Assigned task — Begin with the line that holds "set \<Rightarrow> nat" and repeat each line after it exactly, ending with the last line of the listing.

Extracted data —

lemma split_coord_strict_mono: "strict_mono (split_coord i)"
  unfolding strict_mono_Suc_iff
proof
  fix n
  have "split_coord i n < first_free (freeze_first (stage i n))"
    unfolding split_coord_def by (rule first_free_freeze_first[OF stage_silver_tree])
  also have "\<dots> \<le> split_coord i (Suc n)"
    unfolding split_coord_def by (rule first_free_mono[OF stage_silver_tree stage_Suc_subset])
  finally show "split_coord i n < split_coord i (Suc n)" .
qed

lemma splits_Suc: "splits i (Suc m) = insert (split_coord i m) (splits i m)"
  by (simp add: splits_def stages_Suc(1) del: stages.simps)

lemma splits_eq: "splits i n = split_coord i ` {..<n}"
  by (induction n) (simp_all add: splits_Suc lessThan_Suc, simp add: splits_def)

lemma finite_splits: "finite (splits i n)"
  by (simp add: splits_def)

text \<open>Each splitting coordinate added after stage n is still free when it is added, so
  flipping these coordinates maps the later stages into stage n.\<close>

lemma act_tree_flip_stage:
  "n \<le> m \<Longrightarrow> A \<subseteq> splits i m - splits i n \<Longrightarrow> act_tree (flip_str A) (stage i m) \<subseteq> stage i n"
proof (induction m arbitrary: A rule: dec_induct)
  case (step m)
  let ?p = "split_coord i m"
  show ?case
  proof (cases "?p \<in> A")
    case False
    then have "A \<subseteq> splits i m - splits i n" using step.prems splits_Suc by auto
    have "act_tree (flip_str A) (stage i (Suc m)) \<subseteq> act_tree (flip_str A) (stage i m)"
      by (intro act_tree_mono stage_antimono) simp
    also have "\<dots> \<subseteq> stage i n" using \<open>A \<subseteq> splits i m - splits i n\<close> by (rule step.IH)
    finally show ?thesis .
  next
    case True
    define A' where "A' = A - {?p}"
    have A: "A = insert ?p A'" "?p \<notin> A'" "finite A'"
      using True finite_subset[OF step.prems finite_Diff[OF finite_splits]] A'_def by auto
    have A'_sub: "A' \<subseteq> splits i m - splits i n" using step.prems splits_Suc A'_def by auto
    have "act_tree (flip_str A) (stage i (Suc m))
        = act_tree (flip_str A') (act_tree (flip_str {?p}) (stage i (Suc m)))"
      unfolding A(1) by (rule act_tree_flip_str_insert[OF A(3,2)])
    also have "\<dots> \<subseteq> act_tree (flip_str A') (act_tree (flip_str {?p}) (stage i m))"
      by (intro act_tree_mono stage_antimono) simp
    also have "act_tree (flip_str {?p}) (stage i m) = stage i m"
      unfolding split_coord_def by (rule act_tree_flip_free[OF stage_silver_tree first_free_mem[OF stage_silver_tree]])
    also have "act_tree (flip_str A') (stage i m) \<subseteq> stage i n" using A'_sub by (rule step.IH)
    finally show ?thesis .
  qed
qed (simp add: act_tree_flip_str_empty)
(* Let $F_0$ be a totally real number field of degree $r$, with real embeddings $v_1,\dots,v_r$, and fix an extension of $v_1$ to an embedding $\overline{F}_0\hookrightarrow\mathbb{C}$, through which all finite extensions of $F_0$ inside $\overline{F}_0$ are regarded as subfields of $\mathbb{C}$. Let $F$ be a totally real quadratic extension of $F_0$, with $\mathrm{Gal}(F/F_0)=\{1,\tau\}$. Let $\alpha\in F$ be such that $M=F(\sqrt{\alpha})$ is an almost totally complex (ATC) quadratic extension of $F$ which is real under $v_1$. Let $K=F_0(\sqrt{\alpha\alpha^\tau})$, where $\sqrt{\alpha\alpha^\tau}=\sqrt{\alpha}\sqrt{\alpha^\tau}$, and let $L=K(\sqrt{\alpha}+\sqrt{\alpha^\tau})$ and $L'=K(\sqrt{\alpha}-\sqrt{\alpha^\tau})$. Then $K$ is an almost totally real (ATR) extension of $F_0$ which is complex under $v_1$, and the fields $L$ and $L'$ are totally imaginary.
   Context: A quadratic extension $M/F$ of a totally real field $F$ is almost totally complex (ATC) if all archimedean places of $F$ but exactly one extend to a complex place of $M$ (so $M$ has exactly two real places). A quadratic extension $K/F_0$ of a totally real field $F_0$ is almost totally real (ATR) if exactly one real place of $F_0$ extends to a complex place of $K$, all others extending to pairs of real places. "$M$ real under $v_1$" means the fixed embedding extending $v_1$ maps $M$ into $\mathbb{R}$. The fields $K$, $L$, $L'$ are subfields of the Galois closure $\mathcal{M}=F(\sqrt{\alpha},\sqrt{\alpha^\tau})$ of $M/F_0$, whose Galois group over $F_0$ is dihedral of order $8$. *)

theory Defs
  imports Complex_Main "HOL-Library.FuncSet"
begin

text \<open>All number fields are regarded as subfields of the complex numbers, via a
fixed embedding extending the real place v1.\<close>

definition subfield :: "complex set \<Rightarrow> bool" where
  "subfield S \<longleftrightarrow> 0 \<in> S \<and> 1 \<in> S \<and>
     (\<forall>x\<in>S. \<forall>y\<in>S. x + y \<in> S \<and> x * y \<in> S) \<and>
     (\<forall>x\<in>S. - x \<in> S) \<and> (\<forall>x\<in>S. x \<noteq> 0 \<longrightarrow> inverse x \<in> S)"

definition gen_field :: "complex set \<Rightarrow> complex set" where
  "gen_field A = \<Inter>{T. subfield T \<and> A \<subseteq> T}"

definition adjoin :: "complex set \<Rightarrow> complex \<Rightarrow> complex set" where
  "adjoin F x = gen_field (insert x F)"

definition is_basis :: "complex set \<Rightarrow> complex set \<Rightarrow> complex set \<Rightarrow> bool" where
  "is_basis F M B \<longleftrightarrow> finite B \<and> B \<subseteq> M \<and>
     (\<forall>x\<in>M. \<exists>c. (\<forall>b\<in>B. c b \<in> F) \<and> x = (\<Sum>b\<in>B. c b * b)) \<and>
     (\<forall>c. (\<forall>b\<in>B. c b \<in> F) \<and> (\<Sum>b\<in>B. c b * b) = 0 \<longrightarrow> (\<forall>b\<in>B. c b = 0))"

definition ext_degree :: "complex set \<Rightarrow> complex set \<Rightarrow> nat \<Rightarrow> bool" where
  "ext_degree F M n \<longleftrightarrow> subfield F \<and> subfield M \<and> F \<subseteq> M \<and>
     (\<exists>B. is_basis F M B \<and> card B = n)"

Response —
definition ext_degree :: "complex set \<Rightarrow> complex set \<Rightarrow> nat \<Rightarrow> bool" where
  "ext_degree F M n \<longleftrightarrow> subfield F \<and> subfield M \<and> F \<subseteq> M \<and>
     (\<exists>B. is_basis F M B \<and> card B = n)"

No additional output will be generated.